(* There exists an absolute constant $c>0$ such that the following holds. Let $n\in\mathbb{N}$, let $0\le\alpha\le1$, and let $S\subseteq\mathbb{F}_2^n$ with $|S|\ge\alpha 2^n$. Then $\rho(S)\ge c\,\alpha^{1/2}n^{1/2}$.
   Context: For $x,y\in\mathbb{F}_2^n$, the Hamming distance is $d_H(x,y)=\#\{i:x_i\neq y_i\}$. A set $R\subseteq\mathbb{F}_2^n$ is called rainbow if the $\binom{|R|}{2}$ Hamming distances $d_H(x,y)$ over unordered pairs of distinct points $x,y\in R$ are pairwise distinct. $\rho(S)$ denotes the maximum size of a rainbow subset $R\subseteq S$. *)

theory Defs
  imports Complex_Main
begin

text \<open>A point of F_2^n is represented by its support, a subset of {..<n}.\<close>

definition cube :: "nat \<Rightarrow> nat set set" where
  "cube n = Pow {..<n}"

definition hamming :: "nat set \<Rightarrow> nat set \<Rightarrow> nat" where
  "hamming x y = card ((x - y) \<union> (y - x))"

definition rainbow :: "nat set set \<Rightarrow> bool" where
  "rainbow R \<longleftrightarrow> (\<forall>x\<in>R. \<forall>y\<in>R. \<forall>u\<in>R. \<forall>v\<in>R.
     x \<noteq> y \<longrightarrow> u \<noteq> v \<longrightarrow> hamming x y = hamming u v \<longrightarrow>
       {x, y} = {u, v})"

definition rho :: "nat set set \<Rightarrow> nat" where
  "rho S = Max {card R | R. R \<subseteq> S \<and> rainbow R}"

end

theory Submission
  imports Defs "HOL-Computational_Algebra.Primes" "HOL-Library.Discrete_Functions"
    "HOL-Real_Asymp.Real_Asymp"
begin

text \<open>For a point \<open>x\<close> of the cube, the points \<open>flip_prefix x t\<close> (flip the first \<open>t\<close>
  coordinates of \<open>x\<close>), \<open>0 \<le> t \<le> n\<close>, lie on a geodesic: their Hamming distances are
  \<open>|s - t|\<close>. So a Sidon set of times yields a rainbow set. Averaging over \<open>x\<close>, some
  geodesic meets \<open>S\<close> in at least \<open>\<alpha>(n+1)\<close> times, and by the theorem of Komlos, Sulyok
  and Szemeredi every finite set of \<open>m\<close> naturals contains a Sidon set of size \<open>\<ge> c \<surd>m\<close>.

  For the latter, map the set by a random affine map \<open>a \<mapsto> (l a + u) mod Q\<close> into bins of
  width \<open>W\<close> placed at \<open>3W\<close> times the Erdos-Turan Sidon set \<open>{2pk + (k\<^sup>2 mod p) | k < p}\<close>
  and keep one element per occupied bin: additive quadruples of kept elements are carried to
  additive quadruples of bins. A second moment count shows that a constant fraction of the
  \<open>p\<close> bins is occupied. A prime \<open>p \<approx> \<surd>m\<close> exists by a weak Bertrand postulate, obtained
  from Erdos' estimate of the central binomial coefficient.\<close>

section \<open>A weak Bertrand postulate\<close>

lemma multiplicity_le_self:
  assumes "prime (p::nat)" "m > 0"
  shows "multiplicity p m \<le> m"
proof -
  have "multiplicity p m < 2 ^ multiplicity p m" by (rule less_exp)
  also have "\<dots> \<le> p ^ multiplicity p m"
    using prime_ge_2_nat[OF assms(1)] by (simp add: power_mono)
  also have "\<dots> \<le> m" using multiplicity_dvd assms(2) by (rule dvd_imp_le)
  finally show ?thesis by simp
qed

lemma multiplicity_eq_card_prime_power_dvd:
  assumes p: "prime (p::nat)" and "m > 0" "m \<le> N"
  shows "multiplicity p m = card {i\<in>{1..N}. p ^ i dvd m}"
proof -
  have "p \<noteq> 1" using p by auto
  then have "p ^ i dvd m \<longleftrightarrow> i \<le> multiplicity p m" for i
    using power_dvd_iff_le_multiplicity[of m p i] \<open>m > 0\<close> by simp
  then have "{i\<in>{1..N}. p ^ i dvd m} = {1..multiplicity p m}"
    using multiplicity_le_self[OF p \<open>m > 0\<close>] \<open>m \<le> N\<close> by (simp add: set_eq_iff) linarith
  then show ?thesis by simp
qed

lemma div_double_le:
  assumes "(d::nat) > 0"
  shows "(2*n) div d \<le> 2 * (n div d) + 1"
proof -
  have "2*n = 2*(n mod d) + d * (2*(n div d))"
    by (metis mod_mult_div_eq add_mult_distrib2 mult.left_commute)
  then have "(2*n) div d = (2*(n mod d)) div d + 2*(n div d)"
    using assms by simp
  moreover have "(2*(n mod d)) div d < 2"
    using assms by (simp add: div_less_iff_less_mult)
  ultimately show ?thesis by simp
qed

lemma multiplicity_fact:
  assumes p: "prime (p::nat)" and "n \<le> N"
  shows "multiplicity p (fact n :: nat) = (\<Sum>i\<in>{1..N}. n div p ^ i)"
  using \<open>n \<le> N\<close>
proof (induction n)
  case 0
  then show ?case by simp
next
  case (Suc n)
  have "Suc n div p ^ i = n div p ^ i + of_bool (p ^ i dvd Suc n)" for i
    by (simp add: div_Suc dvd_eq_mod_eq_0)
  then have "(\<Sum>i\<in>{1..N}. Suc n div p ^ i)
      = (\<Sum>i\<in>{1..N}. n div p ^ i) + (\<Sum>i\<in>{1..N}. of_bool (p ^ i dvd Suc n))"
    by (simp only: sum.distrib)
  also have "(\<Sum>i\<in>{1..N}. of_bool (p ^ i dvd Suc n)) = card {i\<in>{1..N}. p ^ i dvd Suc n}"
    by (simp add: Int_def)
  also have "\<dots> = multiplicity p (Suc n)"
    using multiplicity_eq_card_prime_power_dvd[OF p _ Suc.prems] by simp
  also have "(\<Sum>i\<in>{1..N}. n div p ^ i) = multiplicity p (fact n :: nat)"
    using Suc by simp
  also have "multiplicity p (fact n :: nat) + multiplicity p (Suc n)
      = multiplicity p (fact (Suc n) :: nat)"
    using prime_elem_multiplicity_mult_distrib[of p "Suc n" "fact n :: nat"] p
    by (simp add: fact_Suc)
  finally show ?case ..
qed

※

_The problem_:
Every line of the listing must be written out again exactly.

_Response area_:
(* There exists an absolute constant $c>0$ such that the following holds. Let $n\in\mathbb{N}$, let $0\le\alpha\le1$, and let $S\subseteq\mathbb{F}_2^n$ with $|S|\ge\alpha 2^n$. Then $\rho(S)\ge c\,\alpha^{1/2}n^{1/2}$.
   Context: For $x,y\in\mathbb{F}_2^n$, the Hamming distance is $d_H(x,y)=\#\{i:x_i\neq y_i\}$. A set $R\subseteq\mathbb{F}_2^n$ is called rainbow if the $\binom{|R|}{2}$ Hamming distances $d_H(x,y)$ over unordered pairs of distinct points $x,y\in R$ are pairwise distinct. $\rho(S)$ denotes the maximum size of a rainbow subset $R\subseteq S$. *)

theory Defs
  imports Complex_Main
begin

text \<open>A point of F_2^n is represented by its support, a subset of {..<n}.\<close>

definition cube :: "nat \<Rightarrow> nat set set" where
  "cube n = Pow {..<n}"

definition hamming :: "nat set \<Rightarrow> nat set \<Rightarrow> nat" where
  "hamming x y = card ((x - y) \<union> (y - x))"

definition rainbow :: "nat set set \<Rightarrow> bool" where
  "rainbow R \<longleftrightarrow> (\<forall>x\<in>R. \<forall>y\<in>R. \<forall>u\<in>R. \<forall>v\<in>R.
     x \<noteq> y \<longrightarrow> u \<noteq> v \<longrightarrow> hamming x y = hamming u v \<longrightarrow>
       {x, y} = {u, v})"

definition rho :: "nat set set \<Rightarrow> nat" where
  "rho S = Max {card R | R. R \<subseteq> S \<and> rainbow R}"

end

theory Submission
  imports Defs "HOL-Computational_Algebra.Primes" "HOL-Library.Discrete_Functions"
    "HOL-Real_Asymp.Real_Asymp"
begin

text \<open>For a point \<open>x\<close> of the cube, the points \<open>flip_prefix x t\<close> (flip the first \<open>t\<close>
  coordinates of \<open>x\<close>), \<open>0 \<le> t \<le> n\<close>, lie on a geodesic: their Hamming distances are
  \<open>|s - t|\<close>. So a Sidon set of times yields a rainbow set. Averaging over \<open>x\<close>, some
  geodesic meets \<open>S\<close> in at least \<open>\<alpha>(n+1)\<close> times, and by the theorem of Komlos, Sulyok
  and Szemeredi every finite set of \<open>m\<close> naturals contains a Sidon set of size \<open>\<ge> c \<surd>m\<close>.

  For the latter, map the set by a random affine map \<open>a \<mapsto> (l a + u) mod Q\<close> into bins of
  width \<open>W\<close> placed at \<open>3W\<close> times the Erdos-Turan Sidon set \<open>{2pk + (k\<^sup>2 mod p) | k < p}\<close>
  and keep one element per occupied bin: additive quadruples of kept elements are carried to
  additive quadruples of bins. A second moment count shows that a constant fraction of the
  \<open>p\<close> bins is occupied. A prime \<open>p \<approx> \<surd>m\<close> exists by a weak Bertrand postulate, obtained
  from Erdos' estimate of the central binomial coefficient.\<close>

section \<open>A weak Bertrand postulate\<close>

lemma multiplicity_le_self:
  assumes "prime (p::nat)" "m > 0"
  shows "multiplicity p m \<le> m"
proof -
  have "multiplicity p m < 2 ^ multiplicity p m" by (rule less_exp)
  also have "\<dots> \<le> p ^ multiplicity p m"
    using prime_ge_2_nat[OF assms(1)] by (simp add: power_mono)
  also have "\<dots> \<le> m" using multiplicity_dvd assms(2) by (rule dvd_imp_le)
  finally show ?thesis by simp
qed

lemma multiplicity_eq_card_prime_power_dvd:
  assumes p: "prime (p::nat)" and "m > 0" "m \<le> N"
  shows "multiplicity p m = card {i\<in>{1..N}. p ^ i dvd m}"
proof -
  have "p \<noteq> 1" using p by auto
  then have "p ^ i dvd m \<longleftrightarrow> i \<le> multiplicity p m" for i
    using power_dvd_iff_le_multiplicity[of m p i] \<open>m > 0\<close> by simp
  then have "{i\<in>{1..N}. p ^ i dvd m} = {1..multiplicity p m}"
    using multiplicity_le_self[OF p \<open>m > 0\<close>] \<open>m \<le> N\<close> by (simp add: set_eq_iff) linarith
  then show ?thesis by simp
qed

lemma div_double_le:
  assumes "(d::nat) > 0"
  shows "(2*n) div d \<le> 2 * (n div d) + 1"
proof -
  have "2*n = 2*(n mod d) + d * (2*(n div d))"
    by (metis mod_mult_div_eq add_mult_distrib2 mult.left_commute)
  then have "(2*n) div d = (2*(n mod d)) div d + 2*(n div d)"
    using assms by simp
  moreover have "(2*(n mod d)) div d < 2"
    using assms by (simp add: div_less_iff_less_mult)
  ultimately show ?thesis by simp
qed

lemma multiplicity_fact:
  assumes p: "prime (p::nat)" and "n \<le> N"
  shows "multiplicity p (fact n :: nat) = (\<Sum>i\<in>{1..N}. n div p ^ i)"
  using \<open>n \<le> N\<close>
proof (induction n)
  case 0
  then show ?case by simp
next
  case (Suc n)
  have "Suc n div p ^ i = n div p ^ i + of_bool (p ^ i dvd Suc n)" for i
    by (simp add: div_Suc dvd_eq_mod_eq_0)
  then have "(\<Sum>i\<in>{1..N}. Suc n div p ^ i)
      = (\<Sum>i\<in>{1..N}. n div p ^ i) + (\<Sum>i\<in>{1..N}. of_bool (p ^ i dvd Suc n))"
    by (simp only: sum.distrib)
  also have "(\<Sum>i\<in>{1..N}. of_bool (p ^ i dvd Suc n)) = card {i\<in>{1..N}. p ^ i dvd Suc n}"
    by (simp add: Int_def)
  also have "\<dots> = multiplicity p (Suc n)"
    using multiplicity_eq_card_prime_power_dvd[OF p _ Suc.prems] by simp
  also have "(\<Sum>i\<in>{1..N}. n div p ^ i) = multiplicity p (fact n :: nat)"
    using Suc by simp
  also have "multiplicity p (fact n :: nat) + multiplicity p (Suc n)
      = multiplicity p (fact (Suc n) :: nat)"
    using prime_elem_multiplicity_mult_distrib[of p "Suc n" "fact n :: nat"] p
    by (simp add: fact_Suc)
  finally show ?case ..
qed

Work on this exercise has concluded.